Клуб частных расследований. Сезон 3

скачать книгу бесплатно


– Дашенька, это очень специфическая тема. Скажу только, что в любом случае вместилищем болезни является человеческий мозг. Нередко, погружая пациента в глубокий сон, удаётся разблокировать неработающие его участки и добиться неплохих результатов.

– И как же вы его погружаете в глубокий сон?

– Для этого существует гипноз, имеются специальные методики подавления бунтующего сознания, позволяющие вернуть психику человека в норму.

– И что же, любого человека можно ввести в гипнотическое состояние?

– Практически любого. Лишь очень немногие люди обладают способностью сопротивляться воле гипнотизёра.

– И вы обладаете такими гипнотическими возможностями?

– Да, – чуть помедлив, ответил Виктор Павлович, – обладаю. Это ведь моя специальность.

– И что же, вы, к примеру, можете меня загипнотизировать против моей воли?

– Думаю, что смогу, но не стану этого делать. Поверьте, у вас нет причин меня опасаться.

Так в разговорах они незаметно дошли до скамейки, на которой обычно Даша читала во время дневных прогулок. Время пролетело незаметно. И когда оно подошло к обеду, они с обоюдным сожалением попрощались, договорившись встретиться завтра на этом же месте.

3

Виктор Сикорцев родился в Казани, в богобоязненной семье обедневшего помещика, которая вынуждена была расстаться с родовым гнездом и перебраться в город. Имение было вовремя продано, деньги предусмотрительно вложены в банк, что позволяло иметь небольшую ренту. На эти деньги скромно жили двое взрослых и ребёнок. Шли годы. Мальчишка рос, окончил гимназию и поступил в местный университет на медицинский факультет.
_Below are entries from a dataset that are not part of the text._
(* Let $\mathfrak e_1,\mathfrak e_1',\mathfrak e_2$ be virtual extended $\mathbb Z$-segments with $\mathrm{Supp}(\mathfrak e_1)=\mathrm{Supp}(\mathfrak e_1')$, and with $\mathrm{Supp}(\mathfrak e_1)\subseteq\mathrm{Supp}(\mathfrak e_2)$ or $\mathrm{Supp}(\mathfrak e_1)\supseteq\mathrm{Supp}(\mathfrak e_2)$. Write $R(\mathfrak e_1,\mathfrak e_2)=(\widetilde{\mathfrak e_2},\widetilde{\mathfrak e_1})$ and $R(\mathfrak e_1',\mathfrak e_2)=(\widetilde{\mathfrak e_2}',\widetilde{\mathfrak e_1}')$. Then: (1) if $\mathfrak e_1\ne\mathfrak e_1'$, then $\widetilde{\mathfrak e_1}\ne\widetilde{\mathfrak e_1}'$; (2) if $\mathfrak e_1$ and $\mathfrak e_1'$ are adjacent, then $\widetilde{\mathfrak e_1}$ and $\widetilde{\mathfrak e_1}'$ are adjacent. Consequently $\mathfrak e_1\mapsto\widetilde{\mathfrak e_1}$ is a bijection of the set of virtual extended $\mathbb Z$-segments with support $\mathrm{Supp}(\mathfrak e_1)$ sending virtual intervals to virtual intervals; the analogous statement holds for the map given by $R(\mathfrak e_1,-)$.
   Context: A $\mathbb Z$-segment is $[A,B]=\{A,\dots,B\}$, $A\ge B$ integers, length $b=A-B+1$. A virtual extended $\mathbb Z$-segment is $([A,B],l,\eta)$, $l\in\mathbb Z$, $l\le b/2$, $\eta\in\{\pm1\}$ with $\eta\sim-\eta$ iff $b=2l$; $\mathrm{Supp}=[A,B]$. Two are adjacent if they have the same support and either admit lifts with $\eta_1=\eta_2$, $|l_1-l_2|=1$, or $b$ is odd, $l_1=l_2=(b-1)/2$, $\eta_1=-\eta_2$. A virtual interval is a finite set of distinct virtual extended segments $\{\mathfrak e_1,\dots,\mathfrak e_r\}$ with $\mathfrak e_i$ adjacent to $\mathfrak e_{i+1}$. Row exchange: for $\mathfrak e_i=([A_i,B_i],l_i,\eta_i)$ ($i=1,2$) with nested supports, $R(\mathfrak e_1,\mathfrak e_2)=(\mathfrak e_2',\mathfrak e_1')$ with $\mathfrak e_i'=([A_i,B_i],l_i',\eta_i')$, where $b_i=A_i-B_i+1$, $\epsilon=(-1)^{A_1-B_1}\eta_1\eta_2$ (any lifts). Case 1, $[A_1,B_1]\subseteq[A_2,B_2]$: $(l_1',\eta_1')=(l_1,(-1)^{A_2-B_2}\eta_1)$ and (a) if $\epsilon=1$, $b_2-2l_2<2(b_1-2l_1)$: $(l_2',\eta_2')=(b_2-(l_2+(b_1-2l_1)),(-1)^{A_1-B_1}\eta_2)$; (b) if $\epsilon=1$, $b_2-2l_2\ge2(b_1-2l_1)$: $(l_2',\eta_2')=(l_2+(b_1-2l_1),(-1)^{A_1-B_1+1}\eta_2)$; (c) if $\epsilon=-1$: $(l_2',\eta_2')=(l_2-(b_1-2l_1),(-1)^{A_1-B_1+1}\eta_2)$. Case 2, $[A_1,B_1]\supsetneq[A_2,B_2]$: $(l_2',\eta_2')=(l_2,(-1)^{A_1-B_1}\eta_2)$ and (a) if $\epsilon=1$, $b_1-2l_1<2(b_2-2l_2)$: $(l_1',\eta_1')=(b_1-(l_1+(b_2-2l_2)),(-1)^{A_2-B_2}\eta_1)$; (b) if $\epsilon=1$, $b_1-2l_1\ge2(b_2-2l_2)$: $(l_1',\eta_1')=(l_1+(b_2-2l_2),(-1)^{A_2-B_2+1}\eta_1)$; (c) if $\epsilon=-1$: $(l_1',\eta_1')=(l_1-(b_2-2l_2),(-1)^{A_2-B_2+1}\eta_1)$. *)

theory Defs
  imports Main
begin

text \<open>A virtual extended Z-segment ([A,B], l, eta) is represented by a canonical
  representative: VS A B l eta with A \<ge> B, 2 l \<le> b, eta \<in> {1,-1}, and, since
  eta ~ -eta exactly when b = 2 l, we normalise eta = 1 in that case.\<close>

datatype vseg = VS (sA: int) (sB: int) (sl: int) (seta: int)

definition seg_len :: "vseg \<Rightarrow> int" where
  "seg_len e = sA e - sB e + 1"

definition supp :: "vseg \<Rightarrow> int set" where
  "supp e = {sB e .. sA e}"

definition valid_vseg :: "vseg \<Rightarrow> bool" where
  "valid_vseg e \<longleftrightarrow> sB e \<le> sA e \<and> 2 * sl e \<le> seg_len e \<and> seta e \<in> {1, -1}
     \<and> (2 * sl e = seg_len e \<longrightarrow> seta e = 1)"

definition norm_vseg :: "vseg \<Rightarrow> vseg" where
  "norm_vseg e = (if 2 * sl e = seg_len e then VS (sA e) (sB e) (sl e) 1 else e)"

definition eta_lifts :: "vseg \<Rightarrow> int set" where
  "eta_lifts e = (if 2 * sl e = seg_len e then {1, -1} else {seta e})"

definition vsegs_with_supp :: "int \<Rightarrow> int \<Rightarrow> vseg set" where
  "vsegs_with_supp A B = {e. valid_vseg e \<and> sA e = A \<and> sB e = B}"

definition adjacent :: "vseg \<Rightarrow> vseg \<Rightarrow> bool" where
  "adjacent e1 e2 \<longleftrightarrow> sA e1 = sA e2 \<and> sB e1 = sB e2 \<and>
     ((\<exists>h1\<in>eta_lifts e1. \<exists>h2\<in>eta_lifts e2. h1 = h2 \<and> \<bar>sl e1 - sl e2\<bar> = 1) \<or>
      (odd (seg_len e1) \<and> 2 * sl e1 = seg_len e1 - 1 \<and> 2 * sl e2 = seg_len e1 - 1 \<and>
       seta e1 = - seta e2))"

definition virtual_interval :: "vseg set \<Rightarrow> bool" where
  "virtual_interval S \<longleftrightarrow> (\<exists>es. distinct es \<and> set es = S \<and> (\<forall>e\<in>S. valid_vseg e) \<and>
      (\<forall>i. Suc i < length es \<longrightarrow> adjacent (es ! i) (es ! Suc i)))"

definition sgnpow :: "int \<Rightarrow> int" where
  "sgnpow k = (if even k then 1 else -1)"

text \<open>Row exchange R(e1,e2) = (e2', e1'); meaningful only for nested supports.\<close>
definition row_exchange :: "vseg \<Rightarrow> vseg \<Rightarrow> vseg \<times> vseg" where
  "row_exchange e1 e2 =
    (let A1 = sA e1; B1 = sB e1; l1 = sl e1; h1 = seta e1;
         A2 = sA e2; B2 = sB e2; l2 = sl e2; h2 = seta e2;
         b1 = seg_len e1; b2 = seg_len e2;
         eps = sgnpow (A1 - B1) * h1 * h2
     in if B2 \<le> B1 \<and> A1 \<le> A2 then
          (norm_vseg
             (if eps = 1 \<and> b2 - 2 * l2 < 2 * (b1 - 2 * l1)
              then VS A2 B2 (b2 - (l2 + (b1 - 2 * l1))) (sgnpow (A1 - B1) * h2)
              else if eps = 1
              then VS A2 B2 (l2 + (b1 - 2 * l1)) (sgnpow (A1 - B1 + 1) * h2)
              else VS A2 B2 (l2 - (b1 - 2 * l1)) (sgnpow (A1 - B1 + 1) * h2)),
           norm_vseg (VS A1 B1 l1 (sgnpow (A2 - B2) * h1)))
        else
          (norm_vseg (VS A2 B2 l2 (sgnpow (A1 - B1) * h2)),
           norm_vseg
             (if eps = 1 \<and> b1 - 2 * l1 < 2 * (b2 - 2 * l2)
              then VS A1 B1 (b1 - (l1 + (b2 - 2 * l2))) (sgnpow (A2 - B2) * h1)
              else if eps = 1
              then VS A1 B1 (l1 + (b2 - 2 * l2)) (sgnpow (A2 - B2 + 1) * h1)
              else VS A1 B1 (l1 - (b2 - 2 * l2)) (sgnpow (A2 - B2 + 1) * h1))))"

end

theory Submission
  imports Defs
begin

text \<open>Identify a virtual extended segment ([A,B], l, \<eta>) with the integer \<eta> (b - 2 l). This is
  well defined on classes (it vanishes exactly when b = 2 l) and is a bijection from the
  segments with support [A,B] onto the integers congruent to b mod 2, under which adjacency
  becomes distance 2. In every case of the row exchange, both output segments have coordinate
  c \<plusminus> x, where x is the coordinate of the corresponding input and c is even (the same formula
  covers cases (a), (b) and (c)). So R(-, e2) and R(e1, -) act on coordinates by isometries of
  b + 2\<int>; they are therefore bijections that preserve adjacency, hence virtual intervals.\<close>

lemma sgnpow_cases: "sgnpow k = 1 \<or> sgnpow k = -1"
  by (simp add: sgnpow_def)

lemma sgnpow_add_one: "sgnpow (k + 1) = - sgnpow k"
  by (simp add: sgnpow_def)

definition coord :: "vseg \<Rightarrow> int" where
  "coord e = seta e * (seg_len e - 2 * sl e)"

definition vseg_of_coord :: "int \<Rightarrow> int \<Rightarrow> int \<Rightarrow> vseg" where
  "vseg_of_coord A B x = VS A B ((A - B + 1 - \<bar>x\<bar>) div 2) (if x < 0 then -1 else 1)"

definition parity_class :: "int \<Rightarrow> int set" where
  "parity_class b = {x. even (b - x)}"

lemma coord_norm_vseg [simp]: "coord (norm_vseg e) = coord e"
  by (simp add: norm_vseg_def coord_def seg_len_def)

lemma valid_vseg_VS:
  "valid_vseg (VS A B l h) \<longleftrightarrow> B \<le> A \<and> 2 * l \<le> A - B + 1 \<and> (h = 1 \<or> h = -1)
     \<and> (2 * l = A - B + 1 \<longrightarrow> h = 1)"
  by (auto simp: valid_vseg_def seg_len_def)

lemma bij_betw_coord:
  assumes "B \<le> A"
  shows "bij_betw coord (vsegs_with_supp A B) (parity_class (A - B + 1))"
proof (rule bij_betw_byWitness[where f' = "vseg_of_coord A B"])
  show "\<forall>e \<in> vsegs_with_supp A B. vseg_of_coord A B (coord e) = e"
    by (auto simp: vsegs_with_supp_def valid_vseg_def vseg_of_coord_def coord_def seg_len_def
        intro: vseg.expand)
  show "\<forall>x \<in> parity_class (A - B + 1). coord (vseg_of_coord A B x) = x"
    by (auto simp: parity_class_def vseg_of_coord_def coord_def seg_len_def)
  show "coord ` vsegs_with_supp A B \<subseteq> parity_class (A - B + 1)"
    by (auto simp: vsegs_with_supp_def valid_vseg_def coord_def seg_len_def parity_class_def)
  show "vseg_of_coord A B ` parity_class (A - B + 1) \<subseteq> vsegs_with_supp A B"
  proof (rule image_subsetI)
    fix x assume "x \<in> parity_class (A - B + 1)"
    then have "even (A - B + 1 - \<bar>x\<bar>)"
      by (simp add: parity_class_def abs_if)
    then obtain k where "A - B + 1 - \<bar>x\<bar> = 2 * k" ..
    then show "vseg_of_coord A B x \<in> vsegs_with_supp A B"
      using assms by (auto simp: vsegs_with_supp_def valid_vseg_VS vseg_of_coord_def)
  qed
qed

lemma adjacent_iff_coord:
  assumes "valid_vseg e" "valid_vseg f" "sA e = sA f" "sB e = sB f"
  shows "adjacent e f \<longleftrightarrow> \<bar>coord e - coord f\<bar> = 2"
proof -
  obtain A B l h where e: "e = VS A B l h" by (cases e)
  obtain l' h' where f: "f = VS A B l' h'" using assms(3,4) e by (cases f) auto
  have "B \<le> A" "2 * l \<le> A - B + 1" "h = 1 \<or> h = -1" "2 * l = A - B + 1 \<longrightarrow> h = 1"
    "2 * l' \<le> A - B + 1" "h' = 1 \<or> h' = -1" "2 * l' = A - B + 1 \<longrightarrow> h' = 1"
    using assms(1,2) unfolding e f valid_vseg_VS by auto
  then show ?thesis
    unfolding e f
    by (elim disjE) (auto simp: adjacent_def eta_lifts_def coord_def seg_len_def, presburger+)
qed


definition coord_isometry :: "int \<Rightarrow> int \<Rightarrow> (vseg \<Rightarrow> vseg) \<Rightarrow> bool" where
  "coord_isometry A B G \<longleftrightarrow> G ` vsegs_with_supp A B \<subseteq> vsegs_with_supp A B \<and>
     (\<exists>c s. even c \<and> (s = 1 \<or> s = -1) \<and>
        (\<forall>e \<in> vsegs_with_supp A B. coord (G e) = c + s * coord e))"

lemma bij_betw_affine_parity_class:
  assumes "even c" "s = 1 \<or> s = -1"
  shows "bij_betw (\<lambda>x. c + s * x) (parity_class b) (parity_class b)"
  by (rule bij_betw_byWitness[where f' = "\<lambda>y. s * (y - c)"])
    (use assms in \<open>auto simp: parity_class_def\<close>)

lemma coord_isometry_bij_betw:
  assumes "coord_isometry A B G"
  shows "bij_betw G (vsegs_with_supp A B) (vsegs_with_supp A B)"
proof (cases "B \<le> A")
  case True
  obtain c s where img: "G ` vsegs_with_supp A B \<subseteq> vsegs_with_supp A B"
    and c: "even c" "s = 1 \<or> s = -1"
    and G: "\<forall>e \<in> vsegs_with_supp A B. coord (G e) = c + s * coord e"
    using assms by (auto simp: coord_isometry_def)
  have "bij_betw ((\<lambda>x. c + s * x) \<circ> coord) (vsegs_with_supp A B) (parity_class (A - B + 1))"
    using bij_betw_coord[OF True] bij_betw_affine_parity_class[OF c] by (rule bij_betw_trans)
  then have "bij_betw (coord \<circ> G) (vsegs_with_supp A B) (parity_class (A - B + 1))"
    by (rule bij_betw_cong[THEN iffD1, rotated]) (simp add: G)
  then show ?thesis
    using bij_betw_comp_iff2[OF bij_betw_coord[OF True] img] by blast
next
  case False
  then have "vsegs_with_supp A B = {}"
    by (auto simp: vsegs_with_supp_def valid_vseg_def)
  then show ?thesis by (simp add: bij_betw_def)
qed

lemma coord_isometry_adjacent:
  assumes "coord_isometry A B G" "e \<in> vsegs_with_supp A B" "f \<in> vsegs_with_supp A B"
    and "adjacent e f"
  shows "adjacent (G e) (G f)"
proof -
  obtain c s where s: "s = 1 \<or> s = -1"
    and G: "\<forall>e \<in> vsegs_with_supp A B. coord (G e) = c + s * coord e"
    using assms(1) by (auto simp: coord_isometry_def)
  have "G e \<in> vsegs_with_supp A B" "G f \<in> vsegs_with_supp A B"
    using assms(1-3) by (auto simp: coord_isometry_def)
  moreover have "\<bar>coord e - coord f\<bar> = 2"
    using assms(2-4) adjacent_iff_coord by (auto simp: vsegs_with_supp_def)
  then have "\<bar>coord (G e) - coord (G f)\<bar> = 2"
    using s G assms(2,3) by (auto simp: right_diff_distrib[symmetric] abs_mult)
  ultimately show ?thesis
    using adjacent_iff_coord by (auto simp: vsegs_with_supp_def)
qed

lemma virtual_interval_image:
  assumes "virtual_interval S" "inj_on G S" "\<forall>e \<in> S. valid_vseg (G e)"
    and "\<forall>e \<in> S. \<forall>f \<in> S. adjacent e f \<longrightarrow> adjacent (G e) (G f)"
  shows "virtual_interval (G ` S)"
proof -
  obtain es where es: "distinct es" "set es = S"
      "\<forall>i. Suc i < length es \<longrightarrow> adjacent (es ! i) (es ! Suc i)"
    using assms(1) unfolding virtual_interval_def by blast
  have "distinct (map G es)"
    using es(1,2) assms(2) by (simp add: distinct_map)
  moreover have "\<forall>i. Suc i < length (map G es) \<longrightarrow> adjacent (map G es ! i) (map G es ! Suc i)"
    using es assms(4) by (auto simp: nth_mem)
  ultimately show ?thesis
    unfolding virtual_interval_def using es(2) assms(3) by (metis list.set_map image_iff)
qed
По окончании учёбы Виктор несколько лет проработал в городском доме призрения за душевнобольными, где приобрёл немалый опыт, а затем вернулся в университет, куда к тому времени был приглашён некто Владимир Михайлович Бехтерев, молодой, но уже довольно известный специалист в области изучения психических состояний человека. Столичный профессор организовал новую кафедру, при которой была психофизиологическая лаборатория, где и продолжил свою работу Виктор.

По удивительному стечению обстоятельств они появились на свет божий в один год, совпали даже число и месяц рождения. Возможно это обстоятельство, но, скорее всего, некоторая схожесть характеров, умение Сикорцева нестандартно мыслить и аналитический ум Бехтерева способствовали постепенному сближению молодых людей. Виктор стал частым гостем в доме своего непосредственного начальник, где под молчаливым присмотром его жены Наташи они могли часами говорить о феномене человеческого мозга, о непостижимости природы сознания.

Одним воскресным днём, уже ближе к ночи, после хорошего ужина, за которым был опробован новый сорт водки, разговор зашёл о предназначении человека. Говоря об этом вечном предмете философских прений, нельзя было обойти стороной причину возникновения человека – вершины живого мира. При этом Бехтерев был согласен с теорией эволюции Чарльза Дарвина, а Сикорцев разделял взгляды каббалистов, утверждавших, что всё вокруг нас, включая человека, это результат некоего одномоментного Действия.

– И кто же, по вашему, совершил это ваше действие? – спрашивал в сердцах Бехтерев.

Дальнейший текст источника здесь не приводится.